Instructions to follow:
Each record below should be repeated precisely as written.
Information: Begin
(* Let $a,b\in\mathbb{H}$ with $b\in C_a$, and let $P\in\mathbb{H}[q_1,q_2]$ vanish at $(a,b)$. Let $P_{q_2}$ be the partial Cullen derivative of $P$ with respect to $q_2$. If the multiplicity $n$ of the zero $\mathbb{H}\times\{b\}$ of $P$ satisfies $n\ge2$, then ${\rm Res}(P,P_{q_2};q_2)\equiv0$.
   Context: $\mathbb{H}$ denotes the quaternions; for $a\in\mathbb{H}$, $C_a=\{q\in\mathbb{H}: qa=aq\}$. A slice regular polynomial in two quaternionic variables is a function $\mathbb{H}^2\to\mathbb{H}$ of the form $P(q_1,q_2)=\sum_{n=0}^{N}\sum_{m=0}^{M}q_1^nq_2^ma_{n,m}$ with $a_{n,m}\in\mathbb{H}$ (coefficients on the right); the set of these is $\mathbb{H}[q_1,q_2]$, and $\mathbb{H}[q]$ denotes one-variable polynomials $\sum q^na_n$. The $*$-product is $\big(\sum q_1^nq_2^ma_{n,m}\big)*\big(\sum q_1^nq_2^mb_{n,m}\big)=\sum_{n,m}q_1^nq_2^m\sum_{r\le n,s\le m}a_{r,s}b_{n-r,m-s}$; $(q_2-b)^{*n}$ is the $n$-fold $*$-power. The partial Cullen derivative is $P_{q_2}=\sum_{m\ge1}mq_1^{n}q_2^{m-1}a_{n,m}$. Multiplicity: if $P$ vanishes on $\mathbb{H}\times\{b\}$, its multiplicity there is $n\in\mathbb N$ such that $P=(q_2-b)^{*n}*S$ with $S\in\mathbb{H}[q_1,q_2]$ not vanishing identically on $\mathbb{H}\times\{b\}$. Regular resultant: $(\mathbb{H}[q],+,* )$ is an Ore domain with skew field of quotients $\mathcal L$; ${\rm Det}^*_N$ is the Dieudonné determinant of $N\times N$ matrices over $\mathcal L$ (the unique homomorphism $GL(N,\mathcal L)\to$ abelianization of $\mathcal L^\times$ sending ${\rm diag}(\lambda_i)$ to the class of $\lambda_1*\cdots*\lambda_N$, set to $0$ on singular matrices), whose value on matrices over $\mathbb{H}[q]$ is identified with a polynomial representative. Writing $P=\sum_{k=0}^rq_2^k*\tilde P_k(q_1)$, $Q=\sum_{k=0}^sq_2^k*\tilde Q_k(q_1)$ with $\tilde P_k,\tilde Q_k\in\mathbb{H}[q_1]$, ${\rm Res}(P,Q;q_2)={\rm Det}^*_{r+s}(B(q_1))$, where $B(q_1)$ is the $(r+s)\times(r+s)$ Sylvester matrix whose $j$-th column ($1\le j\le s$) has $\tilde P_0,\dots,\tilde P_r$ in rows $j,\dots,j+r$, whose $(s+j)$-th column ($1\le j\le r$) has $\tilde Q_0,\dots,\tilde Q_s$ in rows $j,\dots,j+s$, and zeros elsewhere. "${\rm Res}\equiv0$" means it is zero. *)

theory Defs
  imports Complex_Main
begin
Information: End
Reply:
(* Let $a,b\in\mathbb{H}$ with $b\in C_a$, and let $P\in\mathbb{H}[q_1,q_2]$ vanish at $(a,b)$. Let $P_{q_2}$ be the partial Cullen derivative of $P$ with respect to $q_2$. If the multiplicity $n$ of the zero $\mathbb{H}\times\{b\}$ of $P$ satisfies $n\ge2$, then ${\rm Res}(P,P_{q_2};q_2)\equiv0$.
   Context: $\mathbb{H}$ denotes the quaternions; for $a\in\mathbb{H}$, $C_a=\{q\in\mathbb{H}: qa=aq\}$. A slice regular polynomial in two quaternionic variables is a function $\mathbb{H}^2\to\mathbb{H}$ of the form $P(q_1,q_2)=\sum_{n=0}^{N}\sum_{m=0}^{M}q_1^nq_2^ma_{n,m}$ with $a_{n,m}\in\mathbb{H}$ (coefficients on the right); the set of these is $\mathbb{H}[q_1,q_2]$, and $\mathbb{H}[q]$ denotes one-variable polynomials $\sum q^na_n$. The $*$-product is $\big(\sum q_1^nq_2^ma_{n,m}\big)*\big(\sum q_1^nq_2^mb_{n,m}\big)=\sum_{n,m}q_1^nq_2^m\sum_{r\le n,s\le m}a_{r,s}b_{n-r,m-s}$; $(q_2-b)^{*n}$ is the $n$-fold $*$-power. The partial Cullen derivative is $P_{q_2}=\sum_{m\ge1}mq_1^{n}q_2^{m-1}a_{n,m}$. Multiplicity: if $P$ vanishes on $\mathbb{H}\times\{b\}$, its multiplicity there is $n\in\mathbb N$ such that $P=(q_2-b)^{*n}*S$ with $S\in\mathbb{H}[q_1,q_2]$ not vanishing identically on $\mathbb{H}\times\{b\}$. Regular resultant: $(\mathbb{H}[q],+,* )$ is an Ore domain with skew field of quotients $\mathcal L$; ${\rm Det}^*_N$ is the Dieudonné determinant of $N\times N$ matrices over $\mathcal L$ (the unique homomorphism $GL(N,\mathcal L)\to$ abelianization of $\mathcal L^\times$ sending ${\rm diag}(\lambda_i)$ to the class of $\lambda_1*\cdots*\lambda_N$, set to $0$ on singular matrices), whose value on matrices over $\mathbb{H}[q]$ is identified with a polynomial representative. Writing $P=\sum_{k=0}^rq_2^k*\tilde P_k(q_1)$, $Q=\sum_{k=0}^sq_2^k*\tilde Q_k(q_1)$ with $\tilde P_k,\tilde Q_k\in\mathbb{H}[q_1]$, ${\rm Res}(P,Q;q_2)={\rm Det}^*_{r+s}(B(q_1))$, where $B(q_1)$ is the $(r+s)\times(r+s)$ Sylvester matrix whose $j$-th column ($1\le j\le s$) has $\tilde P_0,\dots,\tilde P_r$ in rows $j,\dots,j+r$, whose $(s+j)$-th column ($1\le j\le r$) has $\tilde Q_0,\dots,\tilde Q_s$ in rows $j,\dots,j+s$, and zeros elsewhere. "${\rm Res}\equiv0$" means it is zero. *)

theory Defs
  imports Complex_Main
begin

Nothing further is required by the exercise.